What if we tell Ignite that order items must be placed on the same nodes as the orders themselves, i.e. collect data?

As the affinity key for the position, we take the foreign key OrderId and this field will be used when calculating the partition to which the record belongs. Moreover, inside the partition, we can always find our object by the primary key.

Now, if both caches (Order and OrderItem) use the same affinity function with the same parameters, our data will be nearby and we will not need to go around the network for order items.

Affinity configuration in Apache Ignite

In the current implementation, an affinity function object is a cache configuration parameter.

The affinity function itself takes the following arguments when creating:

Number of partitions;
The number of backups (in fact, this is also the configuration parameter of the cache);
Backup filter;
Flag excludeNeighbors.

These settings cannot be changed.

With the number of partitions and backups, everything seems to be clear. I’ll talk about the backup filter and the excludeNeighbors flag a bit later.

At run time, the input affinity function receives the current cluster topology - essentially a list of cluster nodes - and calculates the distribution of partitions by nodes in accordance with the examples that I showed when I talked about the rendezvous hashing algorithm.

As for the backup filter, this is a predicate that allows you to prohibit affinity functions from assigning backup partitions to a node for which the predicate returned false.

As an example, suppose that our physical nodes - servers - are located in the data center in different racks. Typically, each rack has its own independent power ...

... and if we lose the rack, then we lose the data.

In this example, we lost half of the partitions.

But if we set the correct backup filter, then the distribution will change in such a way ...

... that if the rack is lost, there will be no data loss and they will still be available.

The excludeNeighbors flag performs a similar function, and in fact it is an abbreviation for one specific case.

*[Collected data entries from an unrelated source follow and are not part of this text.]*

(* (a) Let $p\ge0$, let $\mathrm{X},\mathrm{Y}$ be locally compact Hausdorff spaces and let $T:C_0(\mathrm{X})_{+,1}\to C_0(\mathrm{Y})_{+,1}$ preserve the norm of the power mean $\mathfrak{m}^p$ of arbitrary finitely many elements, i.e. $\|Tf_1\,\mathfrak{m}^p\cdots\mathfrak{m}^p\,Tf_n\|=\|f_1\,\mathfrak{m}^p\cdots\mathfrak{m}^p\,f_n\|$ for all $n$ and $f_1,\dots,f_n$. (b) Or let $p<0$, let $\mathrm{X},\mathrm{Y}$ be compact Hausdorff spaces and let $T:C(\mathrm{X})^{-1}_{+,1}\to C(\mathrm{Y})^{-1}_{+,1}$ preserve the norm of $\mathfrak{m}^p$ of arbitrary finitely many elements. In either case there exist a locally compact subset $\mathrm{Y}_0\subset\mathrm{Y}$, which is closed if $\mathrm{X}$ is compact, and a surjective continuous map $\tau:\mathrm{Y}_0\to\mathrm{X}$ such that $(Tf)(y)=f(\tau(y))$ for all $y\in\mathrm{Y}_0$ and all $f$ in the domain of $T$. If moreover $T$ has norm-dense range, then $\mathrm{Y}_0=\mathrm{Y}$, $\tau$ is a homeomorphism of $\mathrm{Y}$ onto $\mathrm{X}$, and $T$ extends to an algebra $*$-isomorphism $C_0(\mathrm{X})\to C_0(\mathrm{Y})$ (namely $f\mapsto f\circ\tau$).
   Context: $C_0(\mathrm{X})_{+,1}$ is the set of nonnegative continuous functions vanishing at infinity with sup-norm $1$; for compact $\mathrm{X}$, $C(\mathrm{X})^{-1}_{+,1}$ is the set of strictly positive continuous functions of sup-norm $1$. Power mean: for $p\neq0$, $f_1\,\mathfrak{m}^p\cdots\mathfrak{m}^p f_n=\big(\tfrac1n(f_1^p+\cdots+f_n^p)\big)^{1/p}$ pointwise; for $p=0$ it is the geometric mean $(f_1\cdots f_n)^{1/n}$. *)

theory Defs
  imports "HOL-Analysis.Analysis"
begin

text \<open>Functions on the topspace of a topological space, extended by 0 outside.\<close>

definition supn :: "'a topology \<Rightarrow> ('a \<Rightarrow> real) \<Rightarrow> real" where
  "supn X f = (if topspace X = {} then 0 else Sup ((\<lambda>x. \<bar>f x\<bar>) ` topspace X))"

definition C0 :: "'a topology \<Rightarrow> ('a \<Rightarrow> real) set" where
  "C0 X = {f. continuous_map X euclideanreal f
              \<and> (\<forall>e>0. compactin X {x \<in> topspace X. \<bar>f x\<bar> \<ge> e})
              \<and> (\<forall>x. x \<notin> topspace X \<longrightarrow> f x = 0)}"

definition C0c :: "'a topology \<Rightarrow> ('a \<Rightarrow> complex) set" where
  "C0c X = {f. continuous_map X euclidean f
              \<and> (\<forall>e>0. compactin X {x \<in> topspace X. cmod (f x) \<ge> e})
              \<and> (\<forall>x. x \<notin> topspace X \<longrightarrow> f x = 0)}"

definition C0_pos1 :: "'a topology \<Rightarrow> ('a \<Rightarrow> real) set" where
  "C0_pos1 X = {f \<in> C0 X. (\<forall>x \<in> topspace X. f x \<ge> 0) \<and> supn X f = 1}"

definition C_invpos1 :: "'a topology \<Rightarrow> ('a \<Rightarrow> real) set" where
  "C_invpos1 X = {f. continuous_map X euclideanreal f
                    \<and> (\<forall>x. x \<notin> topspace X \<longrightarrow> f x = 0)
                    \<and> (\<forall>x \<in> topspace X. f x > 0) \<and> supn X f = 1}"

definition Tdom :: "real \<Rightarrow> 'a topology \<Rightarrow> ('a \<Rightarrow> real) set" where
  "Tdom p X = (if p \<ge> 0 then C0_pos1 X else C_invpos1 X)"

definition pmean :: "real \<Rightarrow> ('a \<Rightarrow> real) list \<Rightarrow> 'a \<Rightarrow> real" where
  "pmean p fs x =
     (if p = 0 then (\<Prod>f\<leftarrow>fs. f x) powr (1 / real (length fs))
      else ((\<Sum>f\<leftarrow>fs. f x powr p) / real (length fs)) powr (1 / p))"

definition star_alg_iso :: "'a topology \<Rightarrow> 'b topology \<Rightarrow> (('a \<Rightarrow> complex) \<Rightarrow> ('b \<Rightarrow> complex)) \<Rightarrow> bool" where
  "star_alg_iso X Y \<Phi> \<longleftrightarrow> bij_betw \<Phi> (C0c X) (C0c Y)
     \<and> (\<forall>f\<in>C0c X. \<forall>g\<in>C0c X. \<Phi> (\<lambda>x. f x + g x) = (\<lambda>y. \<Phi> f y + \<Phi> g y))
     \<and> (\<forall>f\<in>C0c X. \<forall>c. \<Phi> (\<lambda>x. c * f x) = (\<lambda>y. c * \<Phi> f y))
     \<and> (\<forall>f\<in>C0c X. \<forall>g\<in>C0c X. \<Phi> (\<lambda>x. f x * g x) = (\<lambda>y. \<Phi> f y * \<Phi> g y))
     \<and> (\<forall>f\<in>C0c X. \<Phi> (\<lambda>x. cnj (f x)) = (\<lambda>y. cnj (\<Phi> f y)))"

end

theory Submission
  imports Defs
begin

text \<open>
  Fix \<open>x \<in> X\<close> and a function \<open>u\<close> of the domain with \<open>u x = 1\<close>. For every \<open>f\<close> of the
  domain, \<open>u\<close> can be cut down to a function \<open>g\<close> with \<open>g x = 1\<close> such that the power mean of
  \<open>f\<close> and \<open>g\<close> is largest at \<open>x\<close>, where it is the mean of \<open>f x\<close> and \<open>1\<close>. For finitely many
  \<open>f\<close>, the power mean of all of them together with their cutoffs is then also largest at \<open>x\<close>.
  By norm preservation the power mean of the images attains the same maximum at some \<open>y \<in> Y\<close>;
  since every pair of images is bounded at \<open>y\<close> by the value of the pair at \<open>x\<close>, all these
  bounds are equalities, which forces \<open>f x \<le> T f y\<close>. Compactness of \<open>{T u \<ge> 1}\<close> yields one
  \<open>y\<close> that works for all \<open>f\<close> at once, and the pair bound gives \<open>T f y \<le> f x\<close> as well. As the
  domain separates points, \<open>y\<close> determines \<open>x =: \<tau> y\<close>, so \<open>T f = f \<circ> \<tau>\<close> on the set \<open>Y0\<close> of
  all such \<open>y\<close>. If the range of \<open>T\<close> is dense, it contains functions peaking near any point
  of \<open>Y\<close>, so \<open>Y0 = Y\<close> and \<open>\<tau>\<close> is injective and open.
\<close>

lemma powr_le_powr_iff:
  fixes r a b :: real
  assumes "0 < r" "0 \<le> a" "0 \<le> b"
  shows "a powr r \<le> b powr r \<longleftrightarrow> a \<le> b"
  using powr_mono2[of r a b] powr_less_mono2[of r b a] assms by (meson less_imp_le not_le)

Often multiple Ignite nodes run on the same physical host. This case is very similar to the example with racks in the data center, only now we are fighting data loss with the loss of the host, not the racks.

The rest is the same. You can implement this behavior using a backup filter. This flag is a historical legacy and may be removed in the next major release of Ignite.

It seems that I talked about the affinity function and data distribution everything that a developer using Apache Ignite needs to know.

In conclusion, let's look at an example of the distribution of 16 partitions according to the topology of 3 nodes. For simplicity and clarity, we believe that partitions do not have backups.

I just took and wrote a little test that brought me the real distribution:

As you can see, the uniformity of the distribution is not ideal. But the error will be noticeably lower with an increase in the number of nodes and partitions. The main rule that must be observed is that the number of partitions is significantly greater than the number of nodes. Now, in Ignite, the default number of partitions for a partitioned cache is 1024.

Now add a new node to the topology.

Part of the parties moved to him. At the same time, the requirement of a minimum change in distribution was observed: the new node received part of the partitions, while the other nodes did not exchange partitions.

We remove from the topology the node that was present in it at the initial stage:

Now all partitions that were associated with the zero node were redistributed among other nodes of the topology, without violating our distribution requirements.

As you can see, the solution to complex problems is often based on fairly trivial, although not entirely obvious, ideas. The described solutions are used in most distributed databases and do a good job. But these decisions are randomized and therefore the uniformity of distribution is far from ideal. Can uniformity be improved without sacrificing performance and other distribution requirements? The question remains open.